Commentaire • 0
Sur la décision
| Référence : | TJ Rennes, jex, 9 avr. 2026, n° 26/00502 |
|---|---|
| Numéro(s) : | 26/00502 |
| Importance : | Inédit |
| Dispositif : | Déboute le ou les demandeurs de l'ensemble de leurs demandes |
| Date de dernière mise à jour : | 17 avril 2026 |
| Lire la décision sur le site de la juridiction |
Texte intégral
Cour d’appel de [Localité 1]
TRIBUNAL JUDICIAIRE DE RENNES
[Adresse 1] – tél : [XXXXXXXX01]
JUGE DE L’EXÉCUTION
Audience du 09 Avril 2026
Affaire N° RG 26/00502 – N° Portalis DBYC-W-B7K-MA2Q
RENDU LE : NEUF AVRIL DEUX MIL VINGT SIX
Par Mélanie FRENEL, Juge chargé de l’exécution, statuant à Juge Unique.
Assistée de Annie PRETESEILLE, Greffier, lors des débats et lors du prononcé, qui a signé la présente décision.
ENTRE :
— Monsieur [A] [T] [J]
né le [Date naissance 1] 1957 à [Localité 2] ( GABON), demeurant [Adresse 2]
comparant en personne
Partie(s) demanderesse(s)
ET :
— Madame [N] [C]
née le [Date naissance 2] 1954 à [Localité 3], demeurant Chez M [U] [Q] [C] – [Adresse 3]
représentée par Me Axel DE VILLARTAY, avocat au barreau de RENNES substitué par Me Claire STREHAIANO,
Partie(s) défenderesse(s)
DEBATS :
L’affaire a été plaidée le 05 Mars 2026, et mise en délibéré pour être rendue le 09 Avril 2026 .
JUGEMENT :
En audience publique, par jugement Contradictoire
En PREMIER RESSORT, par mise à disposition au Greffe
EXPOSÉ DU LITIGE
Par acte sous seing privé du 18 décembre 2020, madame [N] [C] a consenti un bail d’habitation à monsieur [A] [T] [J] concernant un logement situé au [Adresse 4], moyennant le paiement d’un loyer mensuel de 780 € et d’une provision pour charges de 190 €.

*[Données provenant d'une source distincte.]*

lemma inner_grad_gfun_penalty:
  fixes X :: "real^'p^'n"
  defines "D \<equiv> transpose X ** X - mat 1"
  assumes "f differentiable (at (X ** Amap X))"
  shows "grad (gfun f) X \<bullet> (X ** D) = -(3/2) * (Gfun f X \<bullet> (X ** (D ** D)))"
proof -
  have gram: "transpose X ** X = D + mat 1" by (simp add: D_def)
  have A: "Amap X = mat 1 - (1/2) *\<^sub>R D"
    by (simp add: Amap_def gram vec_eq_iff mat_def field_simps)
  have XtXD: "transpose X ** (X ** D) = D ** D + D"
    by (simp add: matrix_mul_assoc gram matrix_add_rdistrib)
  have XDtX: "transpose (X ** D) ** X = D ** D + D"
    by (simp add: matrix_transpose_mul D_def transpose_gram_defect flip: matrix_mul_assoc)
      (simp add: flip: D_def add: gram matrix_add_ldistrib)
  have XDA: "(X ** D) ** Amap X = X ** (D - (1/2) *\<^sub>R (D ** D))"
    by (simp add: A matrix_diff_ldistrib matrix_scalar_ac scalar_matrix_assoc matrix_mul_assoc)
  have "(-(1/2)) *\<^sub>R ((D ** D + D) + (D ** D + D)) + (D - (1/2) *\<^sub>R (D ** D))
      = (-(3/2)) *\<^sub>R (D ** D)"
    by (simp add: vec_eq_iff field_simps)
  then have "X ** ((-(1/2)) *\<^sub>R (transpose X ** (X ** D) + transpose (X ** D) ** X))
      + (X ** D) ** Amap X = X ** ((-(3/2)) *\<^sub>R (D ** D))"
    unfolding XtXD XDtX XDA by (simp only: flip: matrix_add_ldistrib)
  also have "\<dots> = (-(3/2)) *\<^sub>R (X ** (D ** D))"
    by (simp only: matrix_scalar_ac scalar_matrix_assoc matrix_mul_assoc)
  finally show ?thesis
    using inner_grad_gfun[OF assms(2), of "X ** D"] by simp
qed
locale complex_hilbert =
  fixes sH :: "complex \<Rightarrow> 'h::ab_group_add \<Rightarrow> 'h"
    and ip :: "'h \<Rightarrow> 'h \<Rightarrow> complex"
  assumes sH_add_right: "sH c (x + y) = sH c x + sH c y"
    and sH_add_left: "sH (c + d) x = sH c x + sH d x"
    and sH_assoc: "sH c (sH d x) = sH (c * d) x"
    and sH_one: "sH 1 x = x"
    and inner_add_right: "ip x (y + z) = ip x y + ip x z"
    and inner_smult_right: "ip x (sH c y) = c * ip x y"
    and inner_cnj_sym: "ip y x = cnj (ip x y)"
    and inner_self_nonneg: "0 \<le> Re (ip x x)"
    and inner_self_zero: "ip x x = 0 \<Longrightarrow> x = 0"
    and complete: "(\<forall>e>0. \<exists>N. \<forall>m\<ge>N. \<forall>n\<ge>N.
                      sqrt (Re (ip (X m - X n) (X m - X n))) < e)
                   \<Longrightarrow> \<exists>L. (\<lambda>n. sqrt (Re (ip (X n - L) (X n - L)))) \<longlonglongrightarrow> 0"

definition hnorm :: "('h \<Rightarrow> 'h \<Rightarrow> complex) \<Rightarrow> 'h \<Rightarrow> real" where
  "hnorm ip x = sqrt (Re (ip x x))"

locale unital_cstar_algebra =
  fixes sA :: "complex \<Rightarrow> 'a::{ring, monoid_mult} \<Rightarrow> 'a"
    and star :: "'a \<Rightarrow> 'a"
    and anorm :: "'a \<Rightarrow> real"
  assumes sA_add_right: "sA c (x + y) = sA c x + sA c y"
    and sA_add_left: "sA (c + d) x = sA c x + sA d x"
    and sA_assoc: "sA c (sA d x) = sA (c * d) x"
    and sA_one: "sA 1 x = x"
    and sA_mult_left: "sA c x * y = sA c (x * y)"
    and sA_mult_right: "x * sA c y = sA c (x * y)"
    and star_star: "star (star x) = x"
    and star_add: "star (x + y) = star x + star y"
    and star_mult: "star (x * y) = star y * star x"
    and star_smult: "star (sA c x) = sA (cnj c) (star x)"
    and anorm_nonneg: "0 \<le> anorm x"
    and anorm_zero: "anorm x = 0 \<longleftrightarrow> x = 0"
    and anorm_triangle: "anorm (x + y) \<le> anorm x + anorm y"
    and anorm_smult: "anorm (sA c x) = cmod c * anorm x"
    and anorm_mult: "anorm (x * y) \<le> anorm x * anorm y"
    and cstar_identity: "anorm (star x * x) = (anorm x)\<^sup>2"
    and complete: "(\<forall>e>0. \<exists>N. \<forall>m\<ge>N. \<forall>n\<ge>N. anorm (X m - X n) < e)
                   \<Longrightarrow> \<exists>L. (\<lambda>n. anorm (X n - L)) \<longlonglongrightarrow> 0"

definition bounded_op :: "(complex \<Rightarrow> 'h::ab_group_add \<Rightarrow> 'h) \<Rightarrow> ('h \<Rightarrow> 'h \<Rightarrow> complex)
    \<Rightarrow> ('h \<Rightarrow> 'h) \<Rightarrow> bool" where
  "bounded_op sH ip T \<longleftrightarrow>
     (\<forall>x y. T (x + y) = T x + T y) \<and> (\<forall>c x. T (sH c x) = sH c (T x)) \<and>
     (\<exists>K. \<forall>x. hnorm ip (T x) \<le> K * hnorm ip x)"

text \<open>A linear map phi from A to B(H) is completely positive if for every n, the
  amplification phi_n maps positive elements of M_n(A) (= elements of the form Y* Y)
  to positive operators on H^n.\<close>
definition cp_map :: "(complex \<Rightarrow> 'a::{ring, monoid_mult} \<Rightarrow> 'a) \<Rightarrow> ('a \<Rightarrow> 'a)
    \<Rightarrow> (complex \<Rightarrow> 'h::ab_group_add \<Rightarrow> 'h) \<Rightarrow> ('h \<Rightarrow> 'h \<Rightarrow> complex)
    \<Rightarrow> ('a \<Rightarrow> 'h \<Rightarrow> 'h) \<Rightarrow> bool" where
  "cp_map sA star sH ip \<phi> \<longleftrightarrow>
     (\<forall>a b. \<phi> (a + b) = (\<lambda>h. \<phi> a h + \<phi> b h)) \<and>
     (\<forall>c a. \<phi> (sA c a) = (\<lambda>h. sH c (\<phi> a h))) \<and>
     (\<forall>a. bounded_op sH ip (\<phi> a)) \<and>
     (\<forall>(n::nat) (Y::nat \<Rightarrow> nat \<Rightarrow> 'a) (h::nat \<Rightarrow> 'h).
        let s = (\<Sum>i<n. \<Sum>j<n. ip (h i) (\<phi> (\<Sum>k<n. star (Y k i) * Y k j) (h j)))
        in Im s = 0 \<and> 0 \<le> Re s)"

Selon jugement du 03 octobre 2025, le juge des contentieux de la protection du tribunal judiciaire de Rennes a, entre autre dispositions :
— constaté à la date du 17 décembre 2024 la résiliation du bail conclu le 18 décembre 2020 entre madame [N] [C], d’une part, et monsieur [A] [T] [J], d’autre part, concernant un logement situé [Adresse 4];
— condamné monsieur [A] [T] [J] à payer à madame [N] [C] la somme de 4.559,38 € au titre de l’arriéré locatif arrêté au 25 août 2025, échéance d’août 2025 incluse ;
— autorisé monsieur [A] [T] [J] à se libérer de sa dette en réglant chaque mois pendant 24 mois, en plus du loyer courant, une somme minimale de 200 €, la dernière échéance étant majorée du solde de la dette en principal, intérêts et frais;
— dit que le premier règlement devra intervenir dans les dix jours suivant la signification de la présente décision, puis, pour les paiements suivants, en même temps que le loyer, au plus tard le cinquième jour de chaque mois, sauf meilleur accord entre les parties ;
— suspendu les effets de la clause résolutoire pendant l’exécution des délais de paiement accordés à monsieur [A] [T] [J] ;
— dit que si les délais accordés sont entièrement respectés, la clause résolutoire sera réputée n’avoir jamais été acquise ;
— dit qu’en revanche, pour le cas où une mensualité, qu’elle soit due au titre du loyer et des charges courants ou de l’arriéré, resterait impayée quinze jours après l’envoi d’une mise en demeure par lettre recommandée avec avis de réception :
·le bail sera considéré comme résilié de plein droit depuis le 17 décembre 2024,
·le solde de la dette deviendra immédiatement exigible,
·la bailleresse pourra, à défaut de libération spontanée des lieux et dès l’expiration d’un délai de deux mois suivant la délivrance d’un commandement d’avoir à libérer les lieux, faire procéder à l’expulsion de monsieur [A] [T] [J] et à celle de tous occupants de son chef, au besoin avec l’assistance de la force publique et d’un serrurier,
·le sort des meubles sera régi conformément aux dispositions des articles L. 433-1 et L. 433-2 du code des procédures civiles d’exécution,
·monsieur [A] [T] [J] sera condamné à verser à madame [N] [C] une indemnité d’occupation mensuelle égale au montant des loyers et charges qui auraient été dus en cas de poursuite du bail, avec révision contractuellement prévue, et ce, jusqu’à la date de libération effective et définitive des lieux, étant précisé que le montant de l’indemnité d’occupation actualisé au jour de l’audience s’élève à la somme mensuelle de 1.068,12 euros ;
— dit n’y avoir lieu d’écarter l’exécution provisoire de droit de la présente décision.
Cette décision a été signifiée à monsieur [A] [T] [J] par acte de commissaire de justice du 21 octobre 2025.
Par courrier signifié par commissaire de justice le 19 décembre 2025, madame [N] [C] a mis en demeure monsieur [A] [T] [J] de régulariser sous quinzaine les sommes dues au titre de la mensualité de remboursement de l’arriéré locatif et le loyer du mois de décembre, à peine de résiliation du bail et de mise en oeuvre de la procédure d’expulsion.
Par acte du 07 janvier 2026, madame [N] [C] a fait délivrer à monsieur [A] [T] [J] un commandement de quitter les lieux.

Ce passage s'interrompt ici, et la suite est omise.